Carmen incarna la storia nella storia. Abbiamo, infatti, bisogno di raccontare delle storie minute, quelle piccole e apparentemente ininfluenti per vedere il dolore immenso e autentico della storia. Ho sentito l’urgenza di raccontare questo bisogno che abbiamo di capire e di non voltarci dall’altra parte. Siamo tutti legati perché questo siamo: intrecci di vite intessute da un’unica grande storia». Così Tiziana Bianca Calabrò, avvocata con la passione per la scrittura, autrice dello spettacolo.

Carmen una donna che aspetta, cercando


«Carmen è per me e con me una donna che aspetta. Una donna che cerca mentre aspetta, cerca e cerca ancora. Intanto attraverso di lei vivono il ricordo, la memoria, l’amore, la giovinezza. Di fatto cerca tutto quello che le è stato portato via e lo fa con chi ha subito, seppure in modo diverso, la stessa inarrestabile perdita ossia i migranti. Anche a loro sono stati portati via la vita, la storia, la memoria, ad alcuni anche la possibilità di essere ancora chiamati nella preghiera per nome.

Sulla scena mi sento come dentro il mare, trasportata dalle onde. Perchè la vita è fluttuante: oggi ci teniamo su e domani siamo buttati giù.

Carmen insieme ai migranti, in questo mare, rivive i momenti più importanti della sua vita, alimentando un filo che li unisce. Lo sono persone che hanno perduto tutto.
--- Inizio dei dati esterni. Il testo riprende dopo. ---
theorem mainTheorem5:
  fixes m :: nat and a :: "('n::finite \<Rightarrow> nat) \<Rightarrow> real"
    and \<Omega> :: "(real^'n) set" and x :: "real^'n"
  assumes "m \<ge> 1"
    and "elliptic_symbol m a"
    and "open \<Omega>" and "convex \<Omega>" and "frontier \<Omega> \<noteq> {}"
    and "x \<in> \<Omega>"
  shows "sphere_avg_nn (lhs_integrand m a \<Omega> x)
           \<ge> ennreal (mu_H m a / d_H m a \<Omega> x ^ (2*m))"
proof (cases "0 < mu_H m a \<and> sphere_avg_nn (lhs_integrand m a \<Omega> x) \<noteq> top")
  case True
  then obtain A where A: "sphere_avg_nn (lhs_integrand m a \<Omega> x) = ennreal A" "0 \<le> A"
    by (cases "sphere_avg_nn (lhs_integrand m a \<Omega> x)") auto
  have "mu_H m a / F_H_star m a (x - y) ^ (2*m) \<le> A" if "y \<in> frontier \<Omega>" for y
    using mu_H_div_F_H_star_le_sphere_avg_nn[OF assms(2,1,3,4,6) that] True A
    by (simp add: ennreal_le_iff)
  moreover have "0 < F_H_star m a (x - y)" if "y \<in> frontier \<Omega>" for y
  proof -
    have "y \<notin> \<Omega>" using that assms(3) by (simp add: frontier_def interior_open)
    then show ?thesis using assms(6) by (intro F_H_star_pos[OF assms(2,1)]) auto
  qed
  ultimately have "mu_H m a / d_H m a \<Omega> x ^ (2*m) \<le> A"
    unfolding d_H_def using True assms(1,5) by (intro div_INF_power_le) auto
  then show ?thesis using A by (simp add: ennreal_leI)
next
  case False
  then show ?thesis by (auto simp: ennreal_neg divide_nonpos_nonneg zero_le_even_power)
qed

end
lemma card_filling_types:
  assumes "l \<le> n"
  shows "card (filling_types n k l) =
    card {(lam, mu). length lam = l \<and> sorted_wrt (\<ge>) lam \<and> length mu = n - l \<and> sorted_wrt (>) mu \<and>
      sum_list lam + sum_list mu = k}"
proof -
  let ?T = "{(lam, mu). length lam = l \<and> sorted_wrt (\<ge>) lam \<and> length mu = n - l \<and> sorted_wrt (>) mu \<and>
      sum_list lam + sum_list mu = k}"
  have "?T \<subseteq> {(lam, mu). sorted_wrt (\<ge>) lam \<and> sorted_wrt (\<ge>) mu}"
    by (auto simp: sorted_strict_desc_iff)
  then have inj: "inj_on coloured_mset ?T"
    using inj_on_coloured_mset by (rule inj_on_subset[rotated])
  have "coloured_mset ` ?T = filling_types n k l"
  proof (intro equalityI subsetI)
    fix M assume "M \<in> coloured_mset ` ?T"
    then show "M \<in> filling_types n k l"
      using coloured_mset_in_filling_types_iff[OF _ _ assms] sorted_strict_desc_iff by auto
  next
    fix M assume M: "M \<in> filling_types n k l"
    then have "set_mset M \<subseteq> UNIV \<times> {0, 1}"
      by (simp add: filling_types_def)
    then obtain lam mu where lam_mu: "sorted_wrt (\<ge>) lam" "sorted_wrt (\<ge>) mu" "coloured_mset (lam, mu) = M"
      by (rule obtain_sorted_coloured_mset)
    then have "(lam, mu) \<in> ?T"
      using coloured_mset_in_filling_types_iff[OF lam_mu(1,2) assms] M by simp
    then show "M \<in> coloured_mset ` ?T"
      using lam_mu(3)[symmetric] by (rule rev_image_eqI)
  qed
  then show ?thesis
    using card_image[OF inj] by simp
qed

lemma image_mset_in_filling_types_iff:
  assumes "finite A" "g \<in> A \<rightarrow>\<^sub>E UNIV \<times> {0, 1}"
  shows "image_mset g (mset_set A) \<in> filling_types (card A) k l \<longleftrightarrow>
    g \<in> fillings A k l \<and> inj_on g {x\<in>A. snd (g x) = 0}"
proof -
  have sum_values: "sum_mset (image_mset f (image_mset g (mset_set A))) = (\<Sum>x\<in>A. f (g x))"
    for f :: "nat \<times> nat \<Rightarrow> nat"
    by (simp only: sum_unfold_sum_mset multiset.map_comp o_def)
  show ?thesis
    using assms by (auto simp: filling_types_def fillings_def sum_values
        inj_on_colour0_iff_count_le_1 PiE_iff)
qed

lemma image_mset_injective_fillings:
  assumes "finite A"
  shows "(\<lambda>g. image_mset g (mset_set A)) ` {g \<in> fillings A k l. inj_on g {x\<in>A. snd (g x) = 0}} =
    filling_types (card A) k l"
proof (intro equalityI subsetI)
  fix M assume "M \<in> (\<lambda>g. image_mset g (mset_set A)) ` {g \<in> fillings A k l. inj_on g {x\<in>A. snd (g x) = 0}}"
  then show "M \<in> filling_types (card A) k l"
    using image_mset_in_filling_types_iff[OF assms] by (auto simp: fillings_def)
next
  fix M assume M: "M \<in> filling_types (card A) k l"
  then obtain g where g: "g \<in> A \<rightarrow>\<^sub>E set_mset M" "image_mset g (mset_set A) = M"
    using obtain_fun_with_image_mset[OF assms] by (auto simp: filling_types_def)
  then have "g \<in> A \<rightarrow>\<^sub>E UNIV \<times> {0, 1}"
    using M by (auto simp: filling_types_def PiE_iff)
  then show "M \<in> (\<lambda>g. image_mset g (mset_set A)) ` {g \<in> fillings A k l. inj_on g {x\<in>A. snd (g x) = 0}}"
    using image_mset_in_filling_types_iff[OF assms] M g(2) by blast
qed

section \<open>The signed moment\<close>

lemma perm_orbit_eq_orbit: "permutation \<sigma> \<Longrightarrow> perm_orbit \<sigma> x = orbit \<sigma> x"
  by (simp add: perm_orbit_def orbit_altdef_permutation)

lemma cyc_count_eq_card_orbits:
  assumes "\<sigma> permutes {1..n}"
  shows "cyc_count n \<sigma> = (\<lambda>i. card {c \<in> orbit \<sigma> ` {1..n}. card c = i})"
proof -
  have "permutation \<sigma>"
    using assms permutation_permutes by blast
  then show ?thesis
    unfolding cyc_count_def perm_orbit_eq_orbit[OF \<open>permutation \<sigma>\<close>]
    by (intro ext arg_cong[where f = card]) auto
qed
lemma add_minus_cancel_mat: assumes "A \<in> carrier_mat r c" "B \<in> carrier_mat r c"
  shows "B + (A - B) = (A :: complex mat)"
  using assms by (intro eq_matI) auto

lemma cscalar_prod_smult_left:
  "dim_vec v = dim_vec w \<Longrightarrow>
    (c \<cdot>\<^sub>v v) \<bullet>c w = c * (v \<bullet>c (w :: complex vec))"
  by (simp add: scalar_prod_def sum_distrib_left mult_ac)

lemma cscalar_prod_smult_right:
  "dim_vec v = dim_vec w \<Longrightarrow>
    v \<bullet>c (c \<cdot>\<^sub>v w) = cnj c * (v \<bullet>c (w :: complex vec))"
  by (simp add: scalar_prod_def sum_distrib_left mult_ac)

lemma cscalar_prod_add_left:
  "v \<in> carrier_vec n \<Longrightarrow> w \<in> carrier_vec n \<Longrightarrow>
    u \<in> carrier_vec n \<Longrightarrow>
  (v + w) \<bullet>c u = v \<bullet>c u + w \<bullet>c (u :: complex vec)"
  by (simp add: scalar_prod_def sum.distrib algebra_simps)

lemma adjoint_cscalar_prod: assumes "A \<in> carrier_mat n m" "x \<in> carrier_vec m" "y \<in> carrier_vec n"
  shows "(A *\<^sub>v x) \<bullet>c y = x \<bullet>c (mat_adjoint A *\<^sub>v (y :: complex vec))"
proof -
  have "(A *\<^sub>v x) \<bullet>c y = (\<Sum>i<n. (\<Sum>j<m. A $$ (i,j) * x $ j) * cnj (y $ i))"
    using assms by (simp add: scalar_prod_def atLeast0LessThan)
  also have "\<dots> = (\<Sum>j<m. x $ j * cnj (\<Sum>i<n. cnj (A $$ (i,j)) * y $ i))"
    apply (simp add: sum_distrib_left sum_distrib_right cnj_sum)
    apply (subst sum.swap)
    apply (simp add: mult_ac)
    done
  also have "\<dots> = x \<bullet>c (mat_adjoint A *\<^sub>v y)"
    using assms by (simp add: scalar_prod_def atLeast0LessThan)
  finally show ?thesis .
qed

section \<open>Euclidean norm and spectral norm\<close>

lemma vec_norm2_L2_set: "vec_norm2 v = L2_set (\<lambda>i. cmod (v $ i)) {..<dim_vec v}"
  by (simp add: vec_norm2_def L2_set_def)

lemma vec_norm2_nonneg[simp]: "0 \<le> vec_norm2 v"
  by (simp add: vec_norm2_L2_set)

lemma cscalar_prod_self: "v \<bullet>c v = complex_of_real ((vec_norm2 v)\<^sup>2)"
proof -
  have "v \<bullet>c v = (\<Sum>i<dim_vec v. v $ i * cnj (v $ i))"
    by (simp add: scalar_prod_def atLeast0LessThan)
  also have "\<dots> = (\<Sum>i<dim_vec v. complex_of_real ((cmod (v $ i))\<^sup>2))"
    by (rule sum.cong[OF refl], rule complex_norm_square[symmetric])
  also have "\<dots> = complex_of_real ((vec_norm2 v)\<^sup>2)"
    by (simp add: vec_norm2_def sum_nonneg)
  finally show ?thesis .
qed

lemma vec_norm2_square: "(vec_norm2 v)\<^sup>2 = Re (v \<bullet>c v)"
  by (simp add: cscalar_prod_self)

lemma vec_norm2_eq_0_iff:
  assumes "v \<in> carrier_vec n"
    shows "vec_norm2 v = 0 \<longleftrightarrow> v = 0\<^sub>v n"
proof
  assume "vec_norm2 v = 0"
  hence "\<forall>i\<in>{..<dim_vec v}. cmod (v $ i) = 0" by (simp add: vec_norm2_L2_set L2_set_eq_0_iff)
  thus "v = 0\<^sub>v n" using assms by (intro eq_vecI) auto
next
  assume "v = 0\<^sub>v n" thus "vec_norm2 v = 0" by (simp add: vec_norm2_def)
qed

lemma vec_norm2_zero[simp]: "vec_norm2 (0\<^sub>v n) = 0"
  by (simp add: vec_norm2_def)

lemma vec_norm2_eq_1: "v \<bullet>c v = 1 \<Longrightarrow> vec_norm2 v = 1"
  using vec_norm2_square[of v] vec_norm2_nonneg[of v] by (simp add: power2_eq_1_iff)

lemma vec_norm2_add_le: assumes "v \<in> carrier_vec n" "w \<in> carrier_vec n"
  shows "vec_norm2 (v + w) \<le> vec_norm2 v + vec_norm2 w"
proof -
  have "vec_norm2 (v + w) = L2_set (\<lambda>i. cmod (v $ i + w $ i)) {..<n}"
    using assms by (auto simp: vec_norm2_L2_set intro!: L2_set_cong)
  also have "\<dots> \<le> L2_set (\<lambda>i. cmod (v $ i) + cmod (w $ i)) {..<n}"
    by (rule L2_set_mono) (auto simp: norm_triangle_ineq)
  also have "\<dots> \<le> L2_set (\<lambda>i. cmod (v $ i)) {..<n} + L2_set (\<lambda>i. cmod (w $ i)) {..<n}"
    by (rule L2_set_triangle_ineq)
  also have "\<dots> = vec_norm2 v + vec_norm2 w" using assms by (simp add: vec_norm2_L2_set carrier_vecD)
  finally show ?thesis .
qed

lemma vec_norm2_smult: "vec_norm2 (c \<cdot>\<^sub>v v) = cmod c * vec_norm2 v"
proof -
  have "vec_norm2 (c \<cdot>\<^sub>v v) = L2_set (\<lambda>i. cmod c * cmod (v $ i)) {..<dim_vec v}"
    by (auto simp: vec_norm2_L2_set norm_mult intro!: L2_set_cong)
  also have "\<dots> = cmod c * vec_norm2 v"
    by (simp add: vec_norm2_L2_set L2_set_right_distrib)
  finally show ?thesis .
qed

lemma vec_norm2_uminus: "vec_norm2 (- v) = vec_norm2 v"
  by (simp add: vec_norm2_def)

lemma cscalar_prod_le_vec_norm2: assumes "v \<in> carrier_vec n" "w \<in> carrier_vec n"
  shows "cmod (v \<bullet>c w) \<le> vec_norm2 v * vec_norm2 w"
proof -
  have "cmod (v \<bullet>c w) = cmod (\<Sum>i<n. v $ i * cnj (w $ i))"
    using assms by (simp add: scalar_prod_def atLeast0LessThan)
  also have "\<dots> \<le> (\<Sum>i<n. cmod (v $ i * cnj (w $ i)))" by (rule norm_sum)
  also have "\<dots> = (\<Sum>i<n. \<bar>cmod (v $ i)\<bar> * \<bar>cmod (w $ i)\<bar>)" by (simp add: norm_mult)
  also have "\<dots> \<le> L2_set (\<lambda>i. cmod (v $ i)) {..<n} * L2_set (\<lambda>i. cmod (w $ i)) {..<n}"
    by (rule L2_set_mult_ineq)
  also have "\<dots> = vec_norm2 v * vec_norm2 w" using assms by (simp add: vec_norm2_L2_set carrier_vecD)
  finally show ?thesis .
qed

lemma index_le_vec_norm2: assumes "j < dim_vec v" shows "cmod (v $ j) \<le> vec_norm2 v"
  unfolding vec_norm2_L2_set by (rule member_le_L2_set) (use assms in auto)

lemma vec_norm2_isometry: assumes U: "U \<in> carrier_mat n k" and UU: "mat_adjoint U * U = 1\<^sub>m k"
  and v: "v \<in> carrier_vec k"
  shows "vec_norm2 (U *\<^sub>v v) = vec_norm2 v"
proof -
  have "(U *\<^sub>v v) \<bullet>c (U *\<^sub>v v) = v \<bullet>c (mat_adjoint U *\<^sub>v (U *\<^sub>v v))"
    by (rule adjoint_cscalar_prod[OF U v]) (use U v in auto)
  also have "mat_adjoint U *\<^sub>v (U *\<^sub>v v) = (mat_adjoint U * U) *\<^sub>v v"
    by (rule assoc_mult_mat_vec[symmetric]) (use U v in auto)
  also have "\<dots> = v" using UU v by simp
  finally have "(vec_norm2 (U *\<^sub>v v))\<^sup>2 = (vec_norm2 v)\<^sup>2" by (simp add: vec_norm2_square)
  thus ?thesis using vec_norm2_nonneg by (simp add: power2_eq_iff_nonneg)
qed

lemma vec_norm2_mult_mat_vec_bounded: assumes M: "M \<in> carrier_mat r c"
  shows "\<exists>K\<ge>0. \<forall>v \<in> carrier_vec c. vec_norm2 (M *\<^sub>v v) \<le> K * vec_norm2 v"
proof (intro exI[of _ "\<Sum>i<r. \<Sum>j<c. cmod (M $$ (i,j))"] conjI ballI)
  show "0 \<le> (\<Sum>i<r. \<Sum>j<c. cmod (M $$ (i,j)))" by (simp add: sum_nonneg)
  fix v :: "complex vec" assume v: "v \<in> carrier_vec c"
  have ent: "cmod ((M *\<^sub>v v) $ i) \<le> (\<Sum>j<c. cmod (M $$ (i,j))) * vec_norm2 v" if i: "i < r" for i
  proof -
    have "cmod ((M *\<^sub>v v) $ i) = cmod (\<Sum>j<c. M $$ (i,j) * v $ j)"
      using M v i by (simp add: scalar_prod_def atLeast0LessThan)
    also have "\<dots> \<le> (\<Sum>j<c. cmod (M $$ (i,j)) * cmod (v $ j))"
      by (rule order_trans[OF norm_sum]) (simp add: norm_mult)
    also have "\<dots> \<le> (\<Sum>j<c. cmod (M $$ (i,j)) * vec_norm2 v)"
      using v by (intro sum_mono mult_left_mono index_le_vec_norm2) auto
    finally show ?thesis by (simp add: sum_distrib_right)
  qed
  have "vec_norm2 (M *\<^sub>v v) = L2_set (\<lambda>i. cmod ((M *\<^sub>v v) $ i)) {..<r}"
    using M by (simp add: vec_norm2_L2_set)
  also have "\<dots> \<le> (\<Sum>i<r. \<bar>cmod ((M *\<^sub>v v) $ i)\<bar>)"
    by (rule L2_set_le_sum_abs)
  also have "\<dots> \<le> (\<Sum>i<r. (\<Sum>j<c. cmod (M $$ (i,j))) * vec_norm2 v)"
    using ent by (intro sum_mono) auto
  finally show "vec_norm2 (M *\<^sub>v v) \<le> (\<Sum>i<r. \<Sum>j<c. cmod (M $$ (i,j))) * vec_norm2 v"
    by (simp add: sum_distrib_right)
qed

lemma spec_norm_bdd_above: assumes M: "M \<in> carrier_mat r c"
  shows "bdd_above {vec_norm2 (M *\<^sub>v v) | v. v \<in> carrier_vec (dim_col M) \<and> vec_norm2 v \<le> 1}"
proof -
  obtain K where K: "K \<ge> 0" "\<forall>v \<in> carrier_vec c. vec_norm2 (M *\<^sub>v v) \<le> K * vec_norm2 v"
    using vec_norm2_mult_mat_vec_bounded[OF M] by blast
  show ?thesis
  proof (rule bdd_aboveI[of _ K], clarify)
    fix v :: "complex vec" assume v: "v \<in> carrier_vec (dim_col M)" "vec_norm2 v \<le> 1"
    hence "vec_norm2 (M *\<^sub>v v) \<le> K * vec_norm2 v" using K M by auto
    also have "\<dots> \<le> K" using K v mult_left_mono[of "vec_norm2 v" 1 K] by auto
    finally show "vec_norm2 (M *\<^sub>v v) \<le> K" .
  qed
qed

lemma spec_norm_nonneg: assumes M: "M \<in> carrier_mat r c" shows "0 \<le> spec_norm M"
proof -
  have "vec_norm2 (M *\<^sub>v 0\<^sub>v c) \<le> spec_norm M"
    unfolding spec_norm_def
    by (rule cSup_upper[OF _ spec_norm_bdd_above[OF M]]) (use M in auto)
  moreover have "M *\<^sub>v 0\<^sub>v c = 0\<^sub>v r" using M by auto
  ultimately show ?thesis by simp
qed

lemma vec_norm2_mult_le_spec_norm: assumes M: "M \<in> carrier_mat r c" and v: "v \<in> carrier_vec c"
  shows "vec_norm2 (M *\<^sub>v v) \<le> spec_norm M * vec_norm2 v"
proof (cases "vec_norm2 v = 0")
  case True
  hence "v = 0\<^sub>v c" using vec_norm2_eq_0_iff v by auto
  moreover have "M *\<^sub>v 0\<^sub>v c = 0\<^sub>v r" using M by auto
  ultimately show ?thesis using True by simp
next
  case False
  hence pos: "vec_norm2 v > 0" using vec_norm2_nonneg[of v] by linarith
  define w where "w = complex_of_real (1 / vec_norm2 v) \<cdot>\<^sub>v v"
  have w: "w \<in> carrier_vec c" "vec_norm2 w \<le> 1" using v pos by (auto simp: w_def vec_norm2_smult norm_divide)
  have "vec_norm2 (M *\<^sub>v w) \<le> spec_norm M"
    unfolding spec_norm_def
    by (rule cSup_upper[OF _ spec_norm_bdd_above[OF M]]) (use M w in auto)
  moreover have "M *\<^sub>v w = complex_of_real (1 / vec_norm2 v) \<cdot>\<^sub>v (M *\<^sub>v v)"
    unfolding w_def using M v by (simp add: mult_mat_vec)
  ultimately have "vec_norm2 (M *\<^sub>v v) / vec_norm2 v \<le> spec_norm M"
    using pos by (simp add: vec_norm2_smult norm_divide)
  thus ?thesis using pos by (simp add: divide_le_eq mult.commute)
qed

lemma spec_norm_le: assumes M: "M \<in> carrier_mat r c" and K: "K \<ge> 0"
  and b: "\<And>v. v \<in> carrier_vec c \<Longrightarrow> vec_norm2 (M *\<^sub>v v) \<le> K * vec_norm2 v"
  shows "spec_norm M \<le> K"
  unfolding spec_norm_def
proof (rule cSup_least)
  show "{vec_norm2 (M *\<^sub>v v) | v. v \<in> carrier_vec (dim_col M) \<and> vec_norm2 v \<le> 1} \<noteq> {}"
    using M by (auto intro!: exI[of _ "0\<^sub>v c"])
next
  fix x assume "x \<in> {vec_norm2 (M *\<^sub>v v) | v. v \<in> carrier_vec (dim_col M) \<and> vec_norm2 v \<le> 1}"
  then obtain v where v: "v \<in> carrier_vec c" "vec_norm2 v \<le> 1" and x: "x = vec_norm2 (M *\<^sub>v v)"
    using M by auto
  have "x \<le> K * vec_norm2 v" using b[OF v(1)] x by simp
  also have "\<dots> \<le> K" using K v mult_left_mono[of "vec_norm2 v" 1 K] by auto
  finally show "x \<le> K" .
qed
lemma card_add_le_if_disjoint_inj:
  assumes "inj_on f A" "inj_on g B" "f ` A \<inter> g ` B = {}" "f ` A \<union> g ` B \<subseteq> C" "finite C"
  shows "card A + card B \<le> card C"
proof -
  have "finite (f ` A)" "finite (g ` B)" using assms(4,5) finite_subset by blast+
  then have "card A + card B = card (f ` A \<union> g ` B)"
    using assms(1-3) by (simp add: card_Un_disjoint card_image)
  also have "\<dots> \<le> card C" using assms(4,5) by (rule card_mono[rotated])
  finally show ?thesis .
qed

lemma card_mult_le_if_disjoint:
  assumes "finite K" "finite F" "pairwise disjnt F" "\<And>X. X \<in> F \<Longrightarrow> M \<le> card (X \<inter> K)"
  shows "card F * M \<le> card K"
proof -
  have "card F * M = (\<Sum>X\<in>F. M)" by simp
  also have "\<dots> \<le> (\<Sum>X\<in>F. card (X \<inter> K))" using assms(4) by (rule sum_mono)
  also have "\<dots> = card (\<Union>X\<in>F. X \<inter> K)"
    using assms(1-3) by (intro card_UN_disjoint[symmetric]) (auto simp: pairwise_def disjnt_def)
  also have "\<dots> \<le> card K" using assms(1) by (rule card_mono) auto
  finally show ?thesis .
qed
lemma exp_ratio_eq:
  assumes "w \<noteq> 0"
  shows "exp_ratio p q w = (exp (of_real q * w) - exp (of_real p * w)) / (exp (of_real p * w) - 1)"
proof -
  have "exp (of_real p * w) * exp (of_real (q - p) * w) = exp (of_real q * w)"
    by (simp add: mult_exp_exp algebra_simps)
  thus ?thesis using assms
    by (cases "exp (of_real p * w) = 1") (simp_all add: exp_ratio_def diff_quotient_def field_simps)
qed

lemma exp_ratio_0: "0 < p \<Longrightarrow> exp_ratio p q 0 = of_real ((q - p) / p)"
  by (simp add: exp_ratio_def diff_quotient_def deriv_exp_scaled del: of_real_diff)

lemma exp_ratio_ln:
  assumes "0 < t" "t \<noteq> 1"
  shows "exp_ratio p q (of_real (ln t)) = of_real ((t powr q - t powr p) / (t powr p - 1))"
proof -
  have e: "exp (of_real a * of_real (ln t)) = (of_real (t powr a) :: complex)" for a
    using assms by (simp add: powr_def exp_of_real[symmetric] mult.commute)
  have "of_real (ln t) \<noteq> (0::complex)" using assms by simp
  hence "exp_ratio p q (of_real (ln t)) = (exp (of_real q * of_real (ln t)) - exp (of_real p * of_real (ln t)))
          / (exp (of_real p * of_real (ln t)) - 1)"
    by (rule exp_ratio_eq)
  thus ?thesis unfolding e by simp
qed

lemma exp_ratio_cnj: "exp_ratio p q (cnj w) = cnj (exp_ratio p q w)"
proof (cases "w = 0")
  case True
  thus ?thesis by (simp add: exp_ratio_def diff_quotient_def deriv_exp_scaled del: of_real_diff)
next
  case False
  thus ?thesis by (simp add: exp_ratio_eq exp_cnj)
qed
Una condizione di dolore umana che non conosce nazionalità. Carmen con la sua semplicità disarma tutti e abbatte ogni paletto, riportandoci, al di là della nazionalità, nella dimensione universale, tale anche oltre la vita, di persone». Così l’attrice Renata Falcone.

La necessità di portarlo in scena e di esserci

 «Questo spettacolo parla di esseri umani e di storie di vita. Ci sono il dolore, il rammarico ma in fondo c’è anche la gioia che nasce dalla speranza. Spero che al pubblico arrivino tutte le emozioni che abbiamo provato noi. Non è il primo lavoro che condivido con Tiziana e Renata. Quando Tiziana mi ha proposto il testo, dopo averlo letto non ho avuto dubbi che fosse necessario portarlo in scena. Ho avuto subito anche un’altra certezza. Avrei voluto fare parte di questa storia e di questa esperienza così intensa». Così conclude il regista Basilio Musolino.